Task statement:
Where does the word "False" show up in the records? Copy every line that holds it.

Data listing:
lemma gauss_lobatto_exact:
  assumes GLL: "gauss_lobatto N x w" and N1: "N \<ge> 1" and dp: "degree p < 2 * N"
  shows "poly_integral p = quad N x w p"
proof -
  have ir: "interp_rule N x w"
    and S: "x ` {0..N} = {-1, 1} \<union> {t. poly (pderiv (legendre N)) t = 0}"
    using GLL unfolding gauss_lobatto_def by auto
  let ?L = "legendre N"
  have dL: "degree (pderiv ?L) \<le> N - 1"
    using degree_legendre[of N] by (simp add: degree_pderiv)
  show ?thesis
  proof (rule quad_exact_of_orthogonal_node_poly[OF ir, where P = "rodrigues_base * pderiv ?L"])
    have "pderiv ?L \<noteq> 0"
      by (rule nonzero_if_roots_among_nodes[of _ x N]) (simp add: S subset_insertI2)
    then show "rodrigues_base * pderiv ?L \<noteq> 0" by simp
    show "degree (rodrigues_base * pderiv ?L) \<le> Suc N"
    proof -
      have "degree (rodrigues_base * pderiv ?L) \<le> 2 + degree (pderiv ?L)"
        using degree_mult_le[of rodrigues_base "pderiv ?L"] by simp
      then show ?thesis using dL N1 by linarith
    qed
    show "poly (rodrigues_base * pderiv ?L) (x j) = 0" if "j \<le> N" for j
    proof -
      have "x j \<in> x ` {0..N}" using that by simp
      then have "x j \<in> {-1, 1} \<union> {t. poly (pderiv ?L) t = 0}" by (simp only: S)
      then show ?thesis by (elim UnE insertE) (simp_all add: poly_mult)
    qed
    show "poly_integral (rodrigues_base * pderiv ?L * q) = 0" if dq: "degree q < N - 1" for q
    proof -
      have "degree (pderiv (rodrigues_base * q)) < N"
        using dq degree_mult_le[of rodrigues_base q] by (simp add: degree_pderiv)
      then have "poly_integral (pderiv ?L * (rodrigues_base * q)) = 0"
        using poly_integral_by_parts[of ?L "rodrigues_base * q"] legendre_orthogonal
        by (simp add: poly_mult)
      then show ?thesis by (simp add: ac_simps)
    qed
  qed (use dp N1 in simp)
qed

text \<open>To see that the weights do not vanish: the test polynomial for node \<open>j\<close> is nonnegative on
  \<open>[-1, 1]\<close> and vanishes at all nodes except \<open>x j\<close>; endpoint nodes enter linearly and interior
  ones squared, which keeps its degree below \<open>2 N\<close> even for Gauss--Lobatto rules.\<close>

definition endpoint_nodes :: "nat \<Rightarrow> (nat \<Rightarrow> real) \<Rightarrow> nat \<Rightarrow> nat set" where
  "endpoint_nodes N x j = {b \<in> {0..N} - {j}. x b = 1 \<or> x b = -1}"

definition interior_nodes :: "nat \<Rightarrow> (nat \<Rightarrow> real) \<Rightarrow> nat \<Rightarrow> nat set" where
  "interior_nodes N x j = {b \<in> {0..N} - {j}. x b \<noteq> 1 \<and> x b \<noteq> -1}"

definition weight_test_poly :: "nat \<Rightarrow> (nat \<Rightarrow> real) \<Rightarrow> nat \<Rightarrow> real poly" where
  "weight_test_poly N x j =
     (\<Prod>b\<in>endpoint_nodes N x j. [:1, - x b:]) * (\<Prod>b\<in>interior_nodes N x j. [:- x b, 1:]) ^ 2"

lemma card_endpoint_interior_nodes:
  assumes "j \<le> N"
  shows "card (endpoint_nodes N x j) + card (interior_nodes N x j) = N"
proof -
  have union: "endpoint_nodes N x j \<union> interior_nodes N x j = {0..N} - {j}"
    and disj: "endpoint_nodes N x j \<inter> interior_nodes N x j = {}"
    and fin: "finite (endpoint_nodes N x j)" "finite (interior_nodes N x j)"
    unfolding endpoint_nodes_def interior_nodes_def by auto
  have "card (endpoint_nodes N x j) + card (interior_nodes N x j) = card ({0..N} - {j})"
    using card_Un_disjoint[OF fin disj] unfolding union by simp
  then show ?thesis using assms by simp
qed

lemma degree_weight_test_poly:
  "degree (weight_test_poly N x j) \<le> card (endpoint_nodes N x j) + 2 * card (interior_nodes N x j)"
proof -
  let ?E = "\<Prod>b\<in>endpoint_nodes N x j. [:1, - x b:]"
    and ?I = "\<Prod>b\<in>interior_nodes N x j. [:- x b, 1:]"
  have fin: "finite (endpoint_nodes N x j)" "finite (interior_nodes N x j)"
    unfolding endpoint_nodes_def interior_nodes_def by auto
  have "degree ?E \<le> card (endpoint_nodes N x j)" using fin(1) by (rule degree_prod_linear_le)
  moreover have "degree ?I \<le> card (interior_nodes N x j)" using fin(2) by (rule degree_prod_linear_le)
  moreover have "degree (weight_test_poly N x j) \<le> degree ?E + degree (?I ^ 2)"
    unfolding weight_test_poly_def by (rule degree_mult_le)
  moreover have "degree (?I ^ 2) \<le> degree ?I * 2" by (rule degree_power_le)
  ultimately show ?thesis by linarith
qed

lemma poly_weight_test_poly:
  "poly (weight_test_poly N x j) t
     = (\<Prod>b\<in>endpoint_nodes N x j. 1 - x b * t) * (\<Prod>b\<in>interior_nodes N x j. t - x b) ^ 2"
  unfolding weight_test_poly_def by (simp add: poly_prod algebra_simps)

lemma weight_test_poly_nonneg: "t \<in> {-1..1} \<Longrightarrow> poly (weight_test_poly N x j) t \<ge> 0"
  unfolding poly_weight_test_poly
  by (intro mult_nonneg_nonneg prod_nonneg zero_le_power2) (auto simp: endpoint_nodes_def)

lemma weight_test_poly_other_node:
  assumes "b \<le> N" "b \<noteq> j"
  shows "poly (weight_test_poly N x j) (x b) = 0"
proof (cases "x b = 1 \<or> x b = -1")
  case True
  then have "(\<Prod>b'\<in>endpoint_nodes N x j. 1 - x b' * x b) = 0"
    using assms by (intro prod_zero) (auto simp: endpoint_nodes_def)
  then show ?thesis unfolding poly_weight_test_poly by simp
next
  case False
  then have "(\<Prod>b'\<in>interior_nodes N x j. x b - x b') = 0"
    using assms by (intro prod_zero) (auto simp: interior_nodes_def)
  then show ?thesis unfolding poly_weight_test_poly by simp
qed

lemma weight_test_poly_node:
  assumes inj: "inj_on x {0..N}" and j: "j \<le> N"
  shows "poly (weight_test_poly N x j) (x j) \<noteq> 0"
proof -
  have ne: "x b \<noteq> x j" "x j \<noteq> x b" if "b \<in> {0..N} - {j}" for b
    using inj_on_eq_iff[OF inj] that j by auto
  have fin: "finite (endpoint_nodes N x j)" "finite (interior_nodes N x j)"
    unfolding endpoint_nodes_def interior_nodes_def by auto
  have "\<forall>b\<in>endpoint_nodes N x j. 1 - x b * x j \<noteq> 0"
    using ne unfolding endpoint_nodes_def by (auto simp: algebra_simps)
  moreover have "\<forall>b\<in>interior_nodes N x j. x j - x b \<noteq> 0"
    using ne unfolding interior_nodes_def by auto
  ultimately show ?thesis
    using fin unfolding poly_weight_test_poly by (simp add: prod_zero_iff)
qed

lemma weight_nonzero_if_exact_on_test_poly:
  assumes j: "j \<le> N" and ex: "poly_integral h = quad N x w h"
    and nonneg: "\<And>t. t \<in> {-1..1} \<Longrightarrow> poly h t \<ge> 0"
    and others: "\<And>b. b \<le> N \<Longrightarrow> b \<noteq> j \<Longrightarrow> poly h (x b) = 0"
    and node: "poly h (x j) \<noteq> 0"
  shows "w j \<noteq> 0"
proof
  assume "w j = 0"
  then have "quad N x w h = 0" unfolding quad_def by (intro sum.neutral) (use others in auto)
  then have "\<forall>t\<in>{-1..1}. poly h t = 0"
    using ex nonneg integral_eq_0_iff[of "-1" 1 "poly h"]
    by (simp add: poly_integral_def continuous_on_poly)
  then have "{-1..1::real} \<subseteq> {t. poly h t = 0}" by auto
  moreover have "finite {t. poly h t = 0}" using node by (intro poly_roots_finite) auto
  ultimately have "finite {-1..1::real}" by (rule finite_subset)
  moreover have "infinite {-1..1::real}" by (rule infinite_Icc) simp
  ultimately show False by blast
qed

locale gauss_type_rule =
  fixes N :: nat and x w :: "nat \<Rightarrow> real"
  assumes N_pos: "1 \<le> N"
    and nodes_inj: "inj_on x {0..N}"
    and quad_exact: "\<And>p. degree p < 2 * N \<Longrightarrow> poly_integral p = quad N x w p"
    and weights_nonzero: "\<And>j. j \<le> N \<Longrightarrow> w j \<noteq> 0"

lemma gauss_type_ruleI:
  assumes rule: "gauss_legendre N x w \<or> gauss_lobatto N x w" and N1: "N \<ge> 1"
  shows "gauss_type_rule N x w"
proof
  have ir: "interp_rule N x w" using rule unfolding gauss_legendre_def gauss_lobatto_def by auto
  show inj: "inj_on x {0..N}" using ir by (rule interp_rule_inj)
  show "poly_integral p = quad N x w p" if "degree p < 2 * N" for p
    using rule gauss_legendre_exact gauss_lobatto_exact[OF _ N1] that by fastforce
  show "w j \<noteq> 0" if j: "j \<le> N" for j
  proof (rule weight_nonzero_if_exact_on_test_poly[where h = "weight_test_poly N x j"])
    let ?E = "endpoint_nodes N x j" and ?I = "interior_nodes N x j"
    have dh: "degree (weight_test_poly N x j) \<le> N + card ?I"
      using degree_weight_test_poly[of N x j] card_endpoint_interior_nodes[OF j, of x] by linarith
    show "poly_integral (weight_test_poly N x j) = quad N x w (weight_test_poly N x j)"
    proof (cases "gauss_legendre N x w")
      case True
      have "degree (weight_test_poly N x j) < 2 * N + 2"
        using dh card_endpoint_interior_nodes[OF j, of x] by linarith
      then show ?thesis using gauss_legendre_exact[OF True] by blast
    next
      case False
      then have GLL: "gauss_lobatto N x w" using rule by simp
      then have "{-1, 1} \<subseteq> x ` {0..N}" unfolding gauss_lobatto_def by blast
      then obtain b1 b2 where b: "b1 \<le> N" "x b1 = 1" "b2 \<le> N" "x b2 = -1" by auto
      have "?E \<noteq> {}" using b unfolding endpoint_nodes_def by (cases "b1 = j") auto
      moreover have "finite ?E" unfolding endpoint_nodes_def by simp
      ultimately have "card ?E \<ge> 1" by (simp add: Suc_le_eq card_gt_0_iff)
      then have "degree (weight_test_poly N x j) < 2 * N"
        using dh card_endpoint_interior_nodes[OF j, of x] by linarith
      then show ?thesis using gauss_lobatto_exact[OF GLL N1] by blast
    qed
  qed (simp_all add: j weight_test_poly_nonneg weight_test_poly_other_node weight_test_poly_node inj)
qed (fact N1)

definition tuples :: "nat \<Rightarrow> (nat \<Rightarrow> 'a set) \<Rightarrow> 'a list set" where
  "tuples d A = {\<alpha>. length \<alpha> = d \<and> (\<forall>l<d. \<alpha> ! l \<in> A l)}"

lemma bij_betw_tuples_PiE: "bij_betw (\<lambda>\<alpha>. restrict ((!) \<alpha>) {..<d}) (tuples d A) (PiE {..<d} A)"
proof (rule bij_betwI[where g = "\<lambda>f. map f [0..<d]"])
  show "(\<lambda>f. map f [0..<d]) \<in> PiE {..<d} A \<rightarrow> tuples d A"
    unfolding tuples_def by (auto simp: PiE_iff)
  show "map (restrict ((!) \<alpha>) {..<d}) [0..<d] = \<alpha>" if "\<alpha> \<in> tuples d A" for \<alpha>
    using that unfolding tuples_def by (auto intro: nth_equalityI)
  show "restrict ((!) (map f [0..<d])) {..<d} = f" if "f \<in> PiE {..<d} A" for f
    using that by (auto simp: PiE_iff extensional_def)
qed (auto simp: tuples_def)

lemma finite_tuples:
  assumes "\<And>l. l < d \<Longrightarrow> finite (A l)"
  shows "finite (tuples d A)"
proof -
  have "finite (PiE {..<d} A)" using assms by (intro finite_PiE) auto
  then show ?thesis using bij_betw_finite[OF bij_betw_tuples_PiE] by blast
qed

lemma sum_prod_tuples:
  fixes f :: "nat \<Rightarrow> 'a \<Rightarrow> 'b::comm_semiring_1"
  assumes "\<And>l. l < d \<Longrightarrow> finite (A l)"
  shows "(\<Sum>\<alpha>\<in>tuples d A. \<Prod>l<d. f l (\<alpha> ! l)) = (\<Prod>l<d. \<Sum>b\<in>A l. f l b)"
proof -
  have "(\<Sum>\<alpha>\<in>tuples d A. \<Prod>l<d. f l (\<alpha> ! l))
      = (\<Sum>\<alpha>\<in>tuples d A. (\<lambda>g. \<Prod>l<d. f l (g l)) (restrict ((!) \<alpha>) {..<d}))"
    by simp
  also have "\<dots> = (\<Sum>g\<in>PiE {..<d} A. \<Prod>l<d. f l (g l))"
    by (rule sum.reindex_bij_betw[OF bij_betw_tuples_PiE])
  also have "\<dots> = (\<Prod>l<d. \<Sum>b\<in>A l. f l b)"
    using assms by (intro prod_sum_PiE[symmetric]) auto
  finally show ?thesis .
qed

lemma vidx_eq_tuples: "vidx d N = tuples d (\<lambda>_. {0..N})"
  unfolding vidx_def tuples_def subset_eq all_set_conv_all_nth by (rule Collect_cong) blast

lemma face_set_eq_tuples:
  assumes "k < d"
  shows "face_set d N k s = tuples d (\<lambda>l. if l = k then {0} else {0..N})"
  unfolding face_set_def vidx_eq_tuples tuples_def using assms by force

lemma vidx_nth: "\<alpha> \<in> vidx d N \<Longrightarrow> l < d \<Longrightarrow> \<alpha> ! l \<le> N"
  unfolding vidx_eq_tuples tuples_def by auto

Answer for this exercise:
  case False
  ultimately show False by blast
      case False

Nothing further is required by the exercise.